** The data follows **
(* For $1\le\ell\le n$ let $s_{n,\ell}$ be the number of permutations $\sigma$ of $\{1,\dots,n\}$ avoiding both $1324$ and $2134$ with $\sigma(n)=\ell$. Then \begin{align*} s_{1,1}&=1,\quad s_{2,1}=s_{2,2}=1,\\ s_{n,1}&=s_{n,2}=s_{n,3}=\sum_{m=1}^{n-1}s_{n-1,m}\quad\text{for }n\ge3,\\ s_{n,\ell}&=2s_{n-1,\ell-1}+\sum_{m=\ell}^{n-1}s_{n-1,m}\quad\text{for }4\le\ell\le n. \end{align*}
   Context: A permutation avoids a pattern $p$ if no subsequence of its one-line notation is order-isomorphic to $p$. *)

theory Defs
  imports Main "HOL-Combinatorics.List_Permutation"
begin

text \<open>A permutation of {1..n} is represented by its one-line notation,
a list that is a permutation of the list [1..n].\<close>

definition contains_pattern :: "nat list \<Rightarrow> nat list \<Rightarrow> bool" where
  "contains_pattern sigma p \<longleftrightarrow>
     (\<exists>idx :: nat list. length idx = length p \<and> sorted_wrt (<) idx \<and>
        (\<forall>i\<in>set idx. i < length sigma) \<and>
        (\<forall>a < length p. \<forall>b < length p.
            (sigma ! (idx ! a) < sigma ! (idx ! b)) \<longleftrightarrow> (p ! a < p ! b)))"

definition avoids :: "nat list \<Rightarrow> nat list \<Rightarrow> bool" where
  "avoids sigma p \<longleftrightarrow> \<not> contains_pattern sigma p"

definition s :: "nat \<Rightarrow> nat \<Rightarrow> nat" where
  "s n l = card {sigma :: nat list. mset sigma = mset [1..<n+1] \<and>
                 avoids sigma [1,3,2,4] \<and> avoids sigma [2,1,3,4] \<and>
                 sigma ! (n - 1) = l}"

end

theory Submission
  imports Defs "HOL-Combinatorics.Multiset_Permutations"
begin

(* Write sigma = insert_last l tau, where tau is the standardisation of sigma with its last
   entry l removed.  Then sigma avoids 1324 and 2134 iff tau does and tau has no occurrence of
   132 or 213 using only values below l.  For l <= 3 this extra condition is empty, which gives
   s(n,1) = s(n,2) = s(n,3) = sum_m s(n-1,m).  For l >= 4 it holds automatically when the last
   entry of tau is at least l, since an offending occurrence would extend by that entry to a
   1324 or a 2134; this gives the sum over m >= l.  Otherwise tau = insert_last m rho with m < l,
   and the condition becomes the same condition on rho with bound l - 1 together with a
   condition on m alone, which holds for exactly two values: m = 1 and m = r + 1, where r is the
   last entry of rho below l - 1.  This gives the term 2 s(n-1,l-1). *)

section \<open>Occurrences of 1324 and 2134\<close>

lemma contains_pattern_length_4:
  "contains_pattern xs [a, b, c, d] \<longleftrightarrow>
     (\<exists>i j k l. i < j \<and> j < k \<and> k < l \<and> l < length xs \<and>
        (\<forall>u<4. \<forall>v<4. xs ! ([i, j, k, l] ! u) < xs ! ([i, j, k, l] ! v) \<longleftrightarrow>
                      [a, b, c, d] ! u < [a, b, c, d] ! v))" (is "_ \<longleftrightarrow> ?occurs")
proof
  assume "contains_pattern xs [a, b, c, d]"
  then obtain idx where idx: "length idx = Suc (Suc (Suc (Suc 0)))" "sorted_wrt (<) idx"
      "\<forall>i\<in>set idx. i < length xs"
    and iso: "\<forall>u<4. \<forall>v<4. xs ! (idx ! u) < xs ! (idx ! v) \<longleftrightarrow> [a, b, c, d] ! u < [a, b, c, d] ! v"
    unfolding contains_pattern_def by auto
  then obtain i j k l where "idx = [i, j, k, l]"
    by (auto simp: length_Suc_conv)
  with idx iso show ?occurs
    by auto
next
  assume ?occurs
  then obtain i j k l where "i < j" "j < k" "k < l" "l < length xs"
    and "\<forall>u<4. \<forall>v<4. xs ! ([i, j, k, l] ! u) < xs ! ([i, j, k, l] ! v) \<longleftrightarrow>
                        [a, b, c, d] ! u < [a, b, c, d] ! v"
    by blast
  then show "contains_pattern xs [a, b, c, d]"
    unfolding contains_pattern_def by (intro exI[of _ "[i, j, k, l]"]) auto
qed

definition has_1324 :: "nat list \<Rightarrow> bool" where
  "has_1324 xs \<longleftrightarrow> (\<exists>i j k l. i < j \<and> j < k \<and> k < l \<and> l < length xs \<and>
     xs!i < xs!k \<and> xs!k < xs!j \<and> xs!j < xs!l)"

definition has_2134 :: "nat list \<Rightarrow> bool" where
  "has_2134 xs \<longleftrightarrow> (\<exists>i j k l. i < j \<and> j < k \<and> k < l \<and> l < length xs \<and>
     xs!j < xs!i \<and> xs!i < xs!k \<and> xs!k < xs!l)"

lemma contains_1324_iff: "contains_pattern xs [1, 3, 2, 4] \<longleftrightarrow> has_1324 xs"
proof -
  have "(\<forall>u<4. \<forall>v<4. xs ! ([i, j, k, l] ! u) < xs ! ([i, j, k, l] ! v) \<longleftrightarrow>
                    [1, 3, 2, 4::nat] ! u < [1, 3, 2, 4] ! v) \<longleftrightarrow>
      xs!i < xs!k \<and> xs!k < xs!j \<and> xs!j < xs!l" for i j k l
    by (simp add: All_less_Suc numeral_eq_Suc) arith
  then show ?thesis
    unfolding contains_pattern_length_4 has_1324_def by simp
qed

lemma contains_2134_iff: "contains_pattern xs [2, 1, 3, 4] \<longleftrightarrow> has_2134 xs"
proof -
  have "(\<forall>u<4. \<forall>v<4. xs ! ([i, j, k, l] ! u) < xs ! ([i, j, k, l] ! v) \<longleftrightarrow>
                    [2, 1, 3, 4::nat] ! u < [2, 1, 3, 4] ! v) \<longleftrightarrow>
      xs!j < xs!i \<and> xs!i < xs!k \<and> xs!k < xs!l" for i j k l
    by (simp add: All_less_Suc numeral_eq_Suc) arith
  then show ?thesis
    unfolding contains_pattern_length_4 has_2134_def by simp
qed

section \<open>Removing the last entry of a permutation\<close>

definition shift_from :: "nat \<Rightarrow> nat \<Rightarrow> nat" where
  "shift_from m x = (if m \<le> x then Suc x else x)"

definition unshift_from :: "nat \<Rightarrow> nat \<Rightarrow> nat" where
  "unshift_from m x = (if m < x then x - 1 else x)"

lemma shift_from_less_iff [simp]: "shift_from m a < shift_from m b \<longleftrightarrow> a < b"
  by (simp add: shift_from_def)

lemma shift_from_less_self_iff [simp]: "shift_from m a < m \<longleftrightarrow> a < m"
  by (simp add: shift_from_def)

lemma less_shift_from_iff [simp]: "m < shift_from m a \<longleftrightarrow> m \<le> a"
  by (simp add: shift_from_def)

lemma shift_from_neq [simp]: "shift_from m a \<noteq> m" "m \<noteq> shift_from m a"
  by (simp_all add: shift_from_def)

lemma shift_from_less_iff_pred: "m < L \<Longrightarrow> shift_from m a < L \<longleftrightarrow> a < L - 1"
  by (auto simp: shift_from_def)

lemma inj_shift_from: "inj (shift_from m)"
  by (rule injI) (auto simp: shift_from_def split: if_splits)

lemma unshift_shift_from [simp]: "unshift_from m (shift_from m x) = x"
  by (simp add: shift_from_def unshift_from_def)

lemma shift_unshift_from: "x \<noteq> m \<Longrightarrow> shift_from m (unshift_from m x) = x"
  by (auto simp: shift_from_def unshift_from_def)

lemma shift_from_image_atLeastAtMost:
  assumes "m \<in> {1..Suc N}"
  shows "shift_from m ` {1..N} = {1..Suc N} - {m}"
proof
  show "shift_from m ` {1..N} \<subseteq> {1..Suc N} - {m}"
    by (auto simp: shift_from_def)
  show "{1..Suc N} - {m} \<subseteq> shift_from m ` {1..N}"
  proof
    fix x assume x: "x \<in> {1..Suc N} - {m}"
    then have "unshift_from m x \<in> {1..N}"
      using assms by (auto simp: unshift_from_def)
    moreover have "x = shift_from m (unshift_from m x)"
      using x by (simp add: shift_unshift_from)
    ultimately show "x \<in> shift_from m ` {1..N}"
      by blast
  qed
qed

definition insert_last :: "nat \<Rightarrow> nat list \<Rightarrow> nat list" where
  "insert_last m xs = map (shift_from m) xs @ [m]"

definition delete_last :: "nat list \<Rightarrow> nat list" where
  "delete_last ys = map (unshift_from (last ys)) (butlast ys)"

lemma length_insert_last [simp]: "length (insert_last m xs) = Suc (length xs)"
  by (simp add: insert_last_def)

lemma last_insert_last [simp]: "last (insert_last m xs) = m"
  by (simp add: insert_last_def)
** End of The data **
** The data follows **
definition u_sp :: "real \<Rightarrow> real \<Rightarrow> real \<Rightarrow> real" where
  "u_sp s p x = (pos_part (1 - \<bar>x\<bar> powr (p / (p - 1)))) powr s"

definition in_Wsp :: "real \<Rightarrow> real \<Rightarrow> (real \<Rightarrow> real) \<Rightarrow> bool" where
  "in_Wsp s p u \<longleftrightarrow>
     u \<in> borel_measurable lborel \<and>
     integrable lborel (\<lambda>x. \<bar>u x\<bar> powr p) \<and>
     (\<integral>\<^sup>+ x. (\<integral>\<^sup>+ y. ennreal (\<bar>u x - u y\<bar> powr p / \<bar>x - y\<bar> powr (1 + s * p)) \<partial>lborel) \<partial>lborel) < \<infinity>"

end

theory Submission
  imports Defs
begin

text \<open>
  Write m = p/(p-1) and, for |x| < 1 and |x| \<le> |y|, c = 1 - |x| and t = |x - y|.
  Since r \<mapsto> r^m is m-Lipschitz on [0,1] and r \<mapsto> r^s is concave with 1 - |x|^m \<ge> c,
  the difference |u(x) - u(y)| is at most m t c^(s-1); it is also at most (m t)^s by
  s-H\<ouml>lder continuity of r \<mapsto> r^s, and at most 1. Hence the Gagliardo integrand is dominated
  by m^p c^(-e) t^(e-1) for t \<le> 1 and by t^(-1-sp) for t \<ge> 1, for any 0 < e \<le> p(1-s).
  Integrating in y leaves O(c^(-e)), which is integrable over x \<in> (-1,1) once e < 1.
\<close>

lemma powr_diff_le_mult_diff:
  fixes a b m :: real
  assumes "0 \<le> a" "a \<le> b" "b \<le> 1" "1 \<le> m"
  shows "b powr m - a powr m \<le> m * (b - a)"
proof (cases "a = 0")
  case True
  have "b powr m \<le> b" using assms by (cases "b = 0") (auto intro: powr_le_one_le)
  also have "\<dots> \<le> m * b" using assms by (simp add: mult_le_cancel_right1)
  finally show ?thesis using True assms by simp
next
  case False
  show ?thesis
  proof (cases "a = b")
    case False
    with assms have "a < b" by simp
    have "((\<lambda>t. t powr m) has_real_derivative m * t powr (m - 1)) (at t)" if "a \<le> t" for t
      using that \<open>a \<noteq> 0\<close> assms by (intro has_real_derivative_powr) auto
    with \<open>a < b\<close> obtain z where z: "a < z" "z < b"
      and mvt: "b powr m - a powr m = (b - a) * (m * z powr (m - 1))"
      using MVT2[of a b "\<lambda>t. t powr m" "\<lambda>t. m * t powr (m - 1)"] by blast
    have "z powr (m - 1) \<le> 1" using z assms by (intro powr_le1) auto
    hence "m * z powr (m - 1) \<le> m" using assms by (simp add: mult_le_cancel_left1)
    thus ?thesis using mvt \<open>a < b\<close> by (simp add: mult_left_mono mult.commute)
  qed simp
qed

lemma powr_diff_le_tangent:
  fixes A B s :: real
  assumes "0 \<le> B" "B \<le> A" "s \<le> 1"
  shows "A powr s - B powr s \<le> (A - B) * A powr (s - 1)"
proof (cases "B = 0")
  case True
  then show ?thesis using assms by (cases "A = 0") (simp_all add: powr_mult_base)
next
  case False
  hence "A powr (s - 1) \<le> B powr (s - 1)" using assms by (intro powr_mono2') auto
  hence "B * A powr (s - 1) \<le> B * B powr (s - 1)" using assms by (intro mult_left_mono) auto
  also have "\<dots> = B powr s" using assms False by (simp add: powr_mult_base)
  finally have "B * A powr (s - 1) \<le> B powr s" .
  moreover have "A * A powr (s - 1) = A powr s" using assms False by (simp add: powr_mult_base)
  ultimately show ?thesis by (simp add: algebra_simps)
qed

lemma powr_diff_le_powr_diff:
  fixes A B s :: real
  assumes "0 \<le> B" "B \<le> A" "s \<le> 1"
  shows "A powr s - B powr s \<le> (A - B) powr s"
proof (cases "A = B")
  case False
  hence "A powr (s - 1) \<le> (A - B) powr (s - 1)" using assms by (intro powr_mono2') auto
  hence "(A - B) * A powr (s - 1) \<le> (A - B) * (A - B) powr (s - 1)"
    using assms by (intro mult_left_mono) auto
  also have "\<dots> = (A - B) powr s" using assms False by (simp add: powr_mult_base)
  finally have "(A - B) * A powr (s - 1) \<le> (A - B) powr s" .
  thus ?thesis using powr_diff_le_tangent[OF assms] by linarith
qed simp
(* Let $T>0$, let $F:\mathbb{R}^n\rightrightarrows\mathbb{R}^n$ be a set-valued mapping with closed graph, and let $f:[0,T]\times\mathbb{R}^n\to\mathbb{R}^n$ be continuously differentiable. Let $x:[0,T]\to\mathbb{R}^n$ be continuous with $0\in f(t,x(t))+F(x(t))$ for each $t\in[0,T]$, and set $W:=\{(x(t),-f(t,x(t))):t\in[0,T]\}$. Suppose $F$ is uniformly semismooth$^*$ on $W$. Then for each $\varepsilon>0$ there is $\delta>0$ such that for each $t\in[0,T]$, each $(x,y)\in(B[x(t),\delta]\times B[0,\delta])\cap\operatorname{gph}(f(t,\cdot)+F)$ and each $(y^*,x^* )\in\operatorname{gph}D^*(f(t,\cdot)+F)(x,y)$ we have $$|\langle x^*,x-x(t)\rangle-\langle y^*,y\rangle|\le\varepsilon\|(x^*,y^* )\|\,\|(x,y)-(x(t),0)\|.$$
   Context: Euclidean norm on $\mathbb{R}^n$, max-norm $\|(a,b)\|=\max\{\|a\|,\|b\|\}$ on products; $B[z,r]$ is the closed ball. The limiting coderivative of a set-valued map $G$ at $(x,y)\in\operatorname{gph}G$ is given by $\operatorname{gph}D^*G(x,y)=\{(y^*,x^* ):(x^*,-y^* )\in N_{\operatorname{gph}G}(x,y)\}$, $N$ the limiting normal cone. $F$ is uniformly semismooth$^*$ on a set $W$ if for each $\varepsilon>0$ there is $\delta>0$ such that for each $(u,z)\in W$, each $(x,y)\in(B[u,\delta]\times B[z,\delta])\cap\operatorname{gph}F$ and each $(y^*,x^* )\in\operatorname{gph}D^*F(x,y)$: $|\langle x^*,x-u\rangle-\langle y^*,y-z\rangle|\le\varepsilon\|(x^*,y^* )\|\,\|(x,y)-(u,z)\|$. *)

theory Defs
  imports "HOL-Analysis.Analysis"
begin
** End of The data **
- **Problem to solve**
Lines containing "else": tally them across the records above and give the total alone.

- **Response to this exercise**
2